text \<open>Generic notions for a metric space given by a carrier X and distance d.
Diameters take values in [0,\<infinity>] (type ennreal); the empty set has diameter 0.\<close>

definition set_diam :: "('a \<Rightarrow> 'a \<Rightarrow> real) \<Rightarrow> 'a set \<Rightarrow> ennreal" where
  "set_diam d E = (SUP p\<in>E \<times> E. ennreal (d (fst p) (snd p)))"

definition cover_diam :: "('a \<Rightarrow> 'a \<Rightarrow> real) \<Rightarrow> 'a set set \<Rightarrow> ennreal" where
  "cover_diam d \<U> = (SUP U\<in>\<U>. set_diam d U)"

definition lebesgue_num :: "'a set \<Rightarrow> ('a \<Rightarrow> 'a \<Rightarrow> real) \<Rightarrow> 'a set set \<Rightarrow> ennreal" where
  "lebesgue_num X d \<U> =
     Sup {ennreal r | r. r \<ge> 0 \<and>
            (\<forall>E. E \<subseteq> X \<longrightarrow> set_diam d E < ennreal r \<longrightarrow> (\<exists>U\<in>\<U>. E \<subseteq> U))}"

definition is_cover :: "'a set \<Rightarrow> 'a set set \<Rightarrow> bool" where
  "is_cover X \<U> \<longleftrightarrow> (\<forall>U\<in>\<U>. U \<subseteq> X) \<and> \<Union>\<U> = X"

definition point_finite :: "'a set \<Rightarrow> 'a set set \<Rightarrow> bool" where
  "point_finite X \<U> \<longleftrightarrow> (\<forall>x\<in>X. finite {U\<in>\<U>. x \<in> U})"

text \<open>\<Delta>^(c)_X(R); the infimum of the empty set is \<infinity>.\<close>
definition Delta_c :: "'a set \<Rightarrow> ('a \<Rightarrow> 'a \<Rightarrow> real) \<Rightarrow> real \<Rightarrow> ennreal" where
  "Delta_c X d R = Inf {cover_diam d \<U> | \<U>. is_cover X \<U> \<and> point_finite X \<U>
                                         \<and> lebesgue_num X d \<U> \<ge> ennreal R}"

text \<open>c_0^+(\<kappa>), with \<kappa> the cardinality of the index type 'k, and the sup metric.\<close>
definition c0_plus :: "('k \<Rightarrow> real) set" where
  "c0_plus = {x. (\<forall>\<xi>. x \<xi> \<ge> 0) \<and> (\<forall>\<eta>>0. finite {\<xi>. \<bar>x \<xi>\<bar> > \<eta>})}"
(* For any two polytopes $P,Q\subseteq\mathbb{R}^n$ we have $\mathrm{Sh}(P+Q)=\mathrm{Sh}(P)+\mathrm{Sh}(Q)$. Consequently $P\mapsto\mathrm{Sh}(P)$ induces a group homomorphism $\mathrm{Sh}:\mathcal{P}(\mathbb{R}^n)\to\mathcal{P}(\mathbb{R}^n)$.
   Context: Polytopes are convex hulls of nonempty finite sets; $P+Q$ is the Minkowski sum and $\mathcal{P}(\mathbb{R}^n)$ the Grothendieck group of polytopes. For $S\subseteq\mathbb{R}^n$, $\mathrm{hull}(S)$ is its convex hull and $h(S)=\min\{x_n: x\in S\}$ its height. For $t\in\mathbb{R}$, $c_t:\mathbb{R}^n\to\mathbb{R}^n$, $(x_1,\dots,x_n)\mapsto(x_1,\dots,x_{n-1},t)$. The shadow of a polytope $P$ is $\mathrm{Sh}(P)=\mathrm{hull}(P\cup c_{h(P)}(P))$. *)

theory Defs
  imports "HOL-Analysis.Analysis"
begin

text \<open>Points of R^n are vectors real^'n; the index type 'n is finite and linearly
ordered, its greatest element playing the role of the last coordinate n.\<close>

definition last_idx :: "'n::{finite,linorder}" where
  "last_idx = Max (UNIV :: 'n set)"

definition polytope :: "(real ^ 'n) set \<Rightarrow> bool" where
  "polytope P \<longleftrightarrow> (\<exists>S. finite S \<and> S \<noteq> {} \<and> P = convex hull S)"

definition height :: "(real ^ 'n::{finite,linorder}) set \<Rightarrow> real" where
  "height S = Inf ((\<lambda>x. x $ last_idx) ` S)"

definition cproj :: "real \<Rightarrow> (real ^ 'n::{finite,linorder}) \<Rightarrow> real ^ 'n::{finite,linorder}" where
  "cproj t x = (\<chi> i. if i = last_idx then t else x $ i)"

definition shadow :: "(real ^ 'n::{finite,linorder}) set \<Rightarrow> (real ^ 'n::{finite,linorder}) set" where
  "shadow P = convex hull (P \<union> cproj (height P) ` P)"

end

theory Submission
  imports Defs
begin

text \<open>Both shadows are convex hulls, and by \<open>convex_hull_set_plus\<close> the right-hand side is the
hull of the sums of generators of \<open>Sh(P)\<close> and \<open>Sh(Q)\<close>. Heights add under Minkowski sums and
\<open>c\<^sub>s\<^sub>+\<^sub>t(x + y) = c\<^sub>s(x) + c\<^sub>t(y)\<close>, so the only such sums that are not generators of \<open>Sh(P+Q)\<close>
are the mixed points \<open>x + c\<^sub>t(y)\<close>; each of them lies on the vertical segment from \<open>x + y\<close> down
to \<open>c\<^sub>s\<^sub>+\<^sub>t(x + y)\<close>. Additivity of \<open>Sh\<close> on polytopes then makes it respect the relation
\<open>P\<^sub>1 + Q\<^sub>2 = P\<^sub>2 + Q\<^sub>1\<close> defining the Grothendieck group.\<close>

lemma cproj_add: "cproj (s + t) (x + y) = cproj s x + cproj t (y::real^'n::{finite,linorder})"
  by (simp add: cproj_def vec_eq_iff)

lemma add_cproj_in_closed_segment:
  fixes x y :: "real^'n::{finite,linorder}"
  assumes "s \<le> x $ last_idx" "t \<le> y $ last_idx"
  shows "x + cproj t y \<in> closed_segment (x + y) (cproj (s + t) (x + y))"
proof -
  define d where "d = x $ last_idx + y $ last_idx - s - t"
  define u where "u = (if d = 0 then 0 else (y $ last_idx - t) / d)"
  have "0 \<le> u \<and> u \<le> 1"
    using assms by (auto simp: u_def d_def divide_simps)
  moreover have "u * d = y $ last_idx - t"
    using assms by (auto simp: u_def d_def)
  then have "x + cproj t y = (1 - u) *\<^sub>R (x + y) + u *\<^sub>R cproj (s + t) (x + y)"
    by (auto simp: vec_eq_iff cproj_def d_def algebra_simps)
  ultimately show ?thesis
    unfolding closed_segment_def by blast
qed

lemma polytope_compact_nonempty: "polytope P \<Longrightarrow> compact P \<and> P \<noteq> {}"
  unfolding polytope_def by (auto simp: compact_convex_hull finite_imp_compact)

lemma compact_attains_height:
  fixes P :: "(real ^ 'n::{finite,linorder}) set"
  assumes "compact P" "P \<noteq> {}"
  obtains x where "x \<in> P" "height P = x $ last_idx" "\<And>y. y \<in> P \<Longrightarrow> x $ last_idx \<le> y $ last_idx"
proof -
  have "continuous_on P (\<lambda>x. x $ last_idx)"
    by (intro continuous_intros)
  then obtain x where x: "x \<in> P" "\<forall>y\<in>P. x $ last_idx \<le> y $ last_idx"
    using continuous_attains_inf assms by blast
  moreover have "height P = x $ last_idx"
    unfolding height_def by (rule cInf_eq_minimum) (use x in auto)
  ultimately show thesis
    using that by blast
qed

lemma height_le:
  assumes "compact P" "y \<in> P"
  shows "height P \<le> y $ last_idx"
  using compact_attains_height[OF assms(1)] assms(2) by (metis empty_iff)

lemma height_set_plus:
  fixes P Q :: "(real ^ 'n::{finite,linorder}) set"
  assumes "compact P" "P \<noteq> {}" "compact Q" "Q \<noteq> {}"
  shows "height (P + Q) = height P + height Q"
proof -
  obtain x where x: "x \<in> P" "height P = x $ last_idx"
    using compact_attains_height[OF assms(1,2)] by blast
  obtain y where y: "y \<in> Q" "height Q = y $ last_idx"
    using compact_attains_height[OF assms(3,4)] by blast
  have "Inf ((\<lambda>x. x $ last_idx) ` (P + Q)) = height P + height Q"
  proof (rule cInf_eq_minimum)
    show "height P + height Q \<in> (\<lambda>x. x $ last_idx) ` (P + Q)"
      using x y by (metis image_eqI set_plus_intro vector_add_component)
  next
    fix w assume "w \<in> (\<lambda>x. x $ last_idx) ` (P + Q)"
    then show "height P + height Q \<le> w"
      using height_le assms by (fastforce elim!: set_plus_elim intro: add_mono)
  qed
  then show ?thesis
    by (simp add: height_def)
qed

lemma add_cproj_in_shadow_set_plus:
  fixes P Q :: "(real ^ 'n::{finite,linorder}) set"
  assumes "compact P" "P \<noteq> {}" "compact Q" "Q \<noteq> {}" "x \<in> P" "y \<in> Q"
  shows "x + cproj (height Q) y \<in> shadow (P + Q)"
proof -
  let ?G = "(P + Q) \<union> cproj (height (P + Q)) ` (P + Q)"
  have "x + y \<in> ?G" "cproj (height P + height Q) (x + y) \<in> ?G"
    using assms height_set_plus[OF assms(1-4)] by (auto intro: set_plus_intro)
  then have "closed_segment (x + y) (cproj (height P + height Q) (x + y)) \<subseteq> shadow (P + Q)"
    unfolding shadow_def by (meson closed_segment_subset convex_convex_hull hull_inc)
  moreover have "x + cproj (height Q) y
      \<in> closed_segment (x + y) (cproj (height P + height Q) (x + y))"
    using assms by (intro add_cproj_in_closed_segment height_le)
  ultimately show ?thesis
    by blast
qed

lemma shadow_set_plus:
  fixes P Q :: "(real ^ 'n::{finite,linorder}) set"
  assumes P: "compact P" "P \<noteq> {}" and Q: "compact Q" "Q \<noteq> {}"
  shows "shadow (P + Q) = shadow P + shadow Q"
proof
  let ?c = "cproj (height P + height Q)"
  have "(P + Q) \<union> ?c ` (P + Q) \<subseteq> (P \<union> cproj (height P) ` P) + (Q \<union> cproj (height Q) ` Q)"
    by (fastforce elim!: set_plus_elim simp: cproj_add intro: set_plus_intro)
  then show "shadow (P + Q) \<subseteq> shadow P + shadow Q"
    unfolding shadow_def convex_hull_set_plus[symmetric] height_set_plus[OF P Q] by (rule hull_mono)
next
  have "a + b \<in> shadow (P + Q)"
    if a: "a \<in> P \<union> cproj (height P) ` P" and b: "b \<in> Q \<union> cproj (height Q) ` Q" for a b
  proof -
    have "a + b \<in> (P + Q) \<union> cproj (height (P + Q)) ` (P + Q)" if "a \<in> P" "b \<in> Q"
      using that by (auto intro: set_plus_intro)
    moreover have "a + b \<in> cproj (height (P + Q)) ` (P + Q)"
      if "a \<in> cproj (height P) ` P" "b \<in> cproj (height Q) ` Q"
      using that by (auto simp: height_set_plus[OF P Q] cproj_add[symmetric] intro: set_plus_intro)
    moreover have "a + b \<in> shadow (P + Q)" if "a \<in> P" "b \<in> cproj (height Q) ` Q"
      using that add_cproj_in_shadow_set_plus[OF P Q] by blast
    moreover have "a + b \<in> shadow (P + Q)" if "a \<in> cproj (height P) ` P" "b \<in> Q"
      using that add_cproj_in_shadow_set_plus[OF Q P] by (auto simp: add.commute)
    ultimately show ?thesis
      using a b unfolding shadow_def by (blast intro: hull_inc)
  qed
  then have "(P \<union> cproj (height P) ` P) + (Q \<union> cproj (height Q) ` Q) \<subseteq> shadow (P + Q)"
    by (auto elim!: set_plus_elim)
  then show "shadow P + shadow Q \<subseteq> shadow (P + Q)"
    unfolding shadow_def convex_hull_set_plus[symmetric] by (rule hull_minimal) simp
qed

theorem lemma3p2:
  fixes P Q :: "(real ^ 'n::{finite,linorder}) set"
  assumes "polytope P" and "polytope Q"
  shows "shadow (P + Q) = shadow P + shadow Q
    \<and> (\<forall>P1 Q1 P2 Q2 :: (real ^ 'n::{finite,linorder}) set.
          polytope P1 \<and> polytope Q1 \<and> polytope P2 \<and> polytope Q2 \<and> P1 + Q2 = P2 + Q1
          \<longrightarrow> shadow P1 + shadow Q2 = shadow P2 + shadow Q1)"
proof -
  have shadow_plus: "shadow (A + B) = shadow A + shadow B" if "polytope A" "polytope B"
    for A B :: "(real ^ 'n::{finite,linorder}) set"
    using that polytope_compact_nonempty shadow_set_plus by metis
  then show ?thesis
    using assms by metis
qed

end
definition hausdorff_dist :: "'a::metric_space set \<Rightarrow> 'a set \<Rightarrow> real" where
  "hausdorff_dist A B = max (SUP a\<in>A. infdist a B) (SUP b\<in>B. infdist b A)"

definition smooth_fan :: "'a::metric_space set \<Rightarrow> 'a \<Rightarrow> bool" where
  "smooth_fan X v \<longleftrightarrow> fan_top X v \<and>
     (\<forall>x\<in>X. \<forall>s::nat \<Rightarrow> 'a. (\<forall>n. s n \<in> X) \<and> s \<longlonglongrightarrow> x \<longrightarrow>
        (\<lambda>n. hausdorff_dist (arc_between X v (s n)) (arc_between X v x)) \<longlonglongrightarrow> 0)"

definition lelek_fan :: "'a::metric_space set \<Rightarrow> bool" where
  "lelek_fan X \<longleftrightarrow> (\<exists>v. smooth_fan X v) \<and> closure (end_points X) = X"

primrec cantor_stage :: "nat \<Rightarrow> real set" where
  "cantor_stage 0 = {0..1}"
| "cantor_stage (Suc n) = (\<lambda>x. x / 3) ` cantor_stage n \<union> (\<lambda>x. 2/3 + x / 3) ` cantor_stage n"

definition cantor_set :: "real set" where
  "cantor_set = (\<Inter>n. cantor_stage n)"

definition cantor_fan_model :: "(real \<times> real) set" where
  "cantor_fan_model = (\<Union>c\<in>cantor_set. closed_segment (1/2, 0) (c, 1))"

definition cantor_fan :: "'a::metric_space set \<Rightarrow> bool" where
  "cantor_fan X \<longleftrightarrow> X homeomorphic cantor_fan_model"

definition embedding_on :: "'a::metric_space set \<Rightarrow> ('a \<Rightarrow> 'b::metric_space) \<Rightarrow> bool" where
  "embedding_on X f \<longleftrightarrow> (\<exists>g. homeomorphism X (f ` X) f g)"

end

theory Submission imports Defs begin

text \<open>Transport everything into the planar model of the Cantor fan: the image Y of L is a retract
  of the model and homeomorphic to L, so its end points are dense and, as L has a ramification
  point, it contains a nondegenerate connected set missing the vertex. Since the Cantor set contains
  no interval, such a set lies in one leg and contains a segment of it. An end point y of Y near the
  middle of that segment lies on a nearby leg; by uniform continuity the retraction moves the piece
  of that leg around y only slightly, so its image, again confined to one leg, is a segment of Y
  around y, and y is no end point after all.\<close>

lemma cantor_stage_subset: "cantor_stage n \<subseteq> {0..1}"
  by (induction n) auto

lemma cantor_stage_interval_length:
  "{a..b} \<subseteq> cantor_stage n \<Longrightarrow> b - a \<le> (1/3::real)^n"
proof (induction n arbitrary: a b)
  case 0
  then show ?case by (cases "a \<le> b") auto
next
  case (Suc n)
  let ?A = "cantor_stage n"
  have sub: "{a..b} \<subseteq> (\<lambda>x. x / 3) ` ?A \<union> (\<lambda>x. 2/3 + x / 3) ` ?A" using Suc.prems by simp
  have "?A \<subseteq> {0..1}" by (rule cantor_stage_subset)
  then have lo: "z \<le> 1/3" if "z \<in> (\<lambda>x. x / 3) ` ?A" for z using that by auto
  have hi: "z \<ge> 2/3" if "z \<in> (\<lambda>x. 2/3 + x / 3) ` ?A" for z using that \<open>?A \<subseteq> {0..1}\<close> by auto
  consider "b < a" | "a \<le> b" "b < 1/2" | "a \<le> b" "a > 1/2" | "a \<le> 1/2" "1/2 \<le> b" by linarith
  then show ?case
  proof cases
    case 1
    have "(0::real) \<le> (1/3)^Suc n" by simp
    with 1 show ?thesis by linarith
  next
    case 2
    have "{3*a..3*b} \<subseteq> ?A"
    proof
      fix z assume z: "z \<in> {3*a..3*b}"
      then have "z/3 \<in> {a..b}" by auto
      then have "z/3 \<in> (\<lambda>x. x / 3) ` ?A \<union> (\<lambda>x. 2/3 + x / 3) ` ?A" using sub by blast
      moreover have "z/3 \<notin> (\<lambda>x. 2/3 + x / 3) ` ?A" using hi[of "z/3"] z 2 by auto
      ultimately show "z \<in> ?A" by auto
    qed
    from Suc.IH[OF this] show ?thesis by simp
  next
    case 3
    have "{3*a-2..3*b-2} \<subseteq> ?A"
    proof
      fix z assume z: "z \<in> {3*a-2..3*b-2}"
      then have "2/3 + z/3 \<in> {a..b}" by auto
      then have "2/3 + z/3 \<in> (\<lambda>x. x / 3) ` ?A \<union> (\<lambda>x. 2/3 + x / 3) ` ?A" using sub by blast
      moreover have "2/3 + z/3 \<notin> (\<lambda>x. x / 3) ` ?A" using lo[of "2/3 + z/3"] z 3 by auto
      ultimately show "z \<in> ?A" by auto
    qed
    from Suc.IH[OF this] show ?thesis by simp
  next
    case 4
    then have "1/2 \<in> {a..b}" by auto
    then have "1/2 \<in> (\<lambda>x. x / 3) ` ?A \<union> (\<lambda>x. 2/3 + x / 3) ` ?A" using sub by blast
    then show ?thesis using lo[of "1/2"] hi[of "1/2"] by force
  qed
qed

lemma cantor_set_no_interval:
  assumes "a < b" shows "\<not> {a..b} \<subseteq> cantor_set"
proof
  assume "{a..b} \<subseteq> cantor_set"
  obtain n where n: "(1/3::real)^n < b - a"
    using real_arch_pow_inv[of "b - a" "1/3"] assms by auto
  have "{a..b} \<subseteq> cantor_stage n" using \<open>{a..b} \<subseteq> cantor_set\<close> by (auto simp: cantor_set_def)
  with cantor_stage_interval_length n show False by fastforce
qed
########################################
Task goal. Look above for the line with "generators of \<open>Sh(P+Q)\<close>" and the line with "using assms by (auto simp: u_def d_def)". Write out those two lines and all the lines between them, exactly, and no others.

Solution for this exercise.
\<open>c\<^sub>s\<^sub>+\<^sub>t(x + y) = c\<^sub>s(x) + c\<^sub>t(y)\<close>, so the only such sums that are not generators of \<open>Sh(P+Q)\<close>
are the mixed points \<open>x + c\<^sub>t(y)\<close>; each of them lies on the vertical segment from \<open>x + y\<close> down
to \<open>c\<^sub>s\<^sub>+\<^sub>t(x + y)\<close>. Additivity of \<open>Sh\<close> on polytopes then makes it respect the relation
\<open>P\<^sub>1 + Q\<^sub>2 = P\<^sub>2 + Q\<^sub>1\<close> defining the Grothendieck group.\<close>

lemma cproj_add: "cproj (s + t) (x + y) = cproj s x + cproj t (y::real^'n::{finite,linorder})"
  by (simp add: cproj_def vec_eq_iff)

lemma add_cproj_in_closed_segment:
  fixes x y :: "real^'n::{finite,linorder}"
  assumes "s \<le> x $ last_idx" "t \<le> y $ last_idx"
  shows "x + cproj t y \<in> closed_segment (x + y) (cproj (s + t) (x + y))"
proof -
  define d where "d = x $ last_idx + y $ last_idx - s - t"
  define u where "u = (if d = 0 then 0 else (y $ last_idx - t) / d)"
  have "0 \<le> u \<and> u \<le> 1"
    using assms by (auto simp: u_def d_def divide_simps)
  moreover have "u * d = y $ last_idx - t"
    using assms by (auto simp: u_def d_def)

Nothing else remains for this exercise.